WORK ORDER | Only the lines from the one containing "by (auto simp: disjoint_family_on_def" through the end of the entries should be repeated, exactly as they appear, first and last included.

SUPPLIED MATERIAL: Begin

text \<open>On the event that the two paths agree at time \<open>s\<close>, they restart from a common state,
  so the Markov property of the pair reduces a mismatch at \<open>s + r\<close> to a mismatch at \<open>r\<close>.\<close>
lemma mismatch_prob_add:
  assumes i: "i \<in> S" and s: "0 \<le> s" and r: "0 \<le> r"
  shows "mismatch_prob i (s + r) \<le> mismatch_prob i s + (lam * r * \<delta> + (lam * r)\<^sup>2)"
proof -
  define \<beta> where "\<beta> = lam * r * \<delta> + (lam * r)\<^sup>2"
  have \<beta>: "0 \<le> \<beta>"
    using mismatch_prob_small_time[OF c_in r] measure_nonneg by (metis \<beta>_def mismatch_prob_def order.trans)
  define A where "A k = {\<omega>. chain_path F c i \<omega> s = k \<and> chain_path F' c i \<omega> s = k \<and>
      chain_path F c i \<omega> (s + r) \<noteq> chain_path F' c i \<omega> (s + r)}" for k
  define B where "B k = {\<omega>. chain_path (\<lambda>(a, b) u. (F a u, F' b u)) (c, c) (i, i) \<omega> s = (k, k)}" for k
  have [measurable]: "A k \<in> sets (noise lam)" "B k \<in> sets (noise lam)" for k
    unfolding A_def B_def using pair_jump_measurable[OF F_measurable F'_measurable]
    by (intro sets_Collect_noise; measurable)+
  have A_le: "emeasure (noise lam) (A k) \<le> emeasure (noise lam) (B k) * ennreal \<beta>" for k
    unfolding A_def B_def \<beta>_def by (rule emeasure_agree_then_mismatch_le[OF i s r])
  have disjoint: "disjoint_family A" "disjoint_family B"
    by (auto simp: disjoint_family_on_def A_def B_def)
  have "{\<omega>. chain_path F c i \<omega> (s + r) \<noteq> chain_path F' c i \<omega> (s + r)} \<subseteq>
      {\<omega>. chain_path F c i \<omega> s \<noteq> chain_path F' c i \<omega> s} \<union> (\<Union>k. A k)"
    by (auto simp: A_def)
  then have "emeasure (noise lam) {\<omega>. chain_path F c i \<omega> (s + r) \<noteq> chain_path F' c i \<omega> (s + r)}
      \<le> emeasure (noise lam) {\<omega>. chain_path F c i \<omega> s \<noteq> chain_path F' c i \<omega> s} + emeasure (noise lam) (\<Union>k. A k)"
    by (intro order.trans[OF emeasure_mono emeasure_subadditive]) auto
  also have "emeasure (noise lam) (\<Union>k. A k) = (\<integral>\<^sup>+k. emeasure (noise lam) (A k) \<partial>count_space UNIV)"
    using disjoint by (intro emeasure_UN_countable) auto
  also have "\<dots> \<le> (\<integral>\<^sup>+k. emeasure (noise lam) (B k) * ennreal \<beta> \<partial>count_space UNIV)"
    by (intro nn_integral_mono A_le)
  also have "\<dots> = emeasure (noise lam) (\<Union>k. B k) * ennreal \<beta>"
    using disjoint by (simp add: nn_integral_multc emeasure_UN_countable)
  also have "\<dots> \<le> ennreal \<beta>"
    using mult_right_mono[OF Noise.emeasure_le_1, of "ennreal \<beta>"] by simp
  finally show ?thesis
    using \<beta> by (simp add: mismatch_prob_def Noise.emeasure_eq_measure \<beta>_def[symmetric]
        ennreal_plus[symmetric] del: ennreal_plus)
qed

SUPPLIED MATERIAL: End

TASK OUTPUT |
    by (auto simp: disjoint_family_on_def A_def B_def)
  have "{\<omega>. chain_path F c i \<omega> (s + r) \<noteq> chain_path F' c i \<omega> (s + r)} \<subseteq>
      {\<omega>. chain_path F c i \<omega> s \<noteq> chain_path F' c i \<omega> s} \<union> (\<Union>k. A k)"
    by (auto simp: A_def)
  then have "emeasure (noise lam) {\<omega>. chain_path F c i \<omega> (s + r) \<noteq> chain_path F' c i \<omega> (s + r)}
      \<le> emeasure (noise lam) {\<omega>. chain_path F c i \<omega> s \<noteq> chain_path F' c i \<omega> s} + emeasure (noise lam) (\<Union>k. A k)"
    by (intro order.trans[OF emeasure_mono emeasure_subadditive]) auto
  also have "emeasure (noise lam) (\<Union>k. A k) = (\<integral>\<^sup>+k. emeasure (noise lam) (A k) \<partial>count_space UNIV)"
    using disjoint by (intro emeasure_UN_countable) auto
  also have "\<dots> \<le> (\<integral>\<^sup>+k. emeasure (noise lam) (B k) * ennreal \<beta> \<partial>count_space UNIV)"
    by (intro nn_integral_mono A_le)
  also have "\<dots> = emeasure (noise lam) (\<Union>k. B k) * ennreal \<beta>"
    using disjoint by (simp add: nn_integral_multc emeasure_UN_countable)
  also have "\<dots> \<le> ennreal \<beta>"
    using mult_right_mono[OF Noise.emeasure_le_1, of "ennreal \<beta>"] by simp
  finally show ?thesis
    using \<beta> by (simp add: mismatch_prob_def Noise.emeasure_eq_measure \<beta>_def[symmetric]
        ennreal_plus[symmetric] del: ennreal_plus)
qed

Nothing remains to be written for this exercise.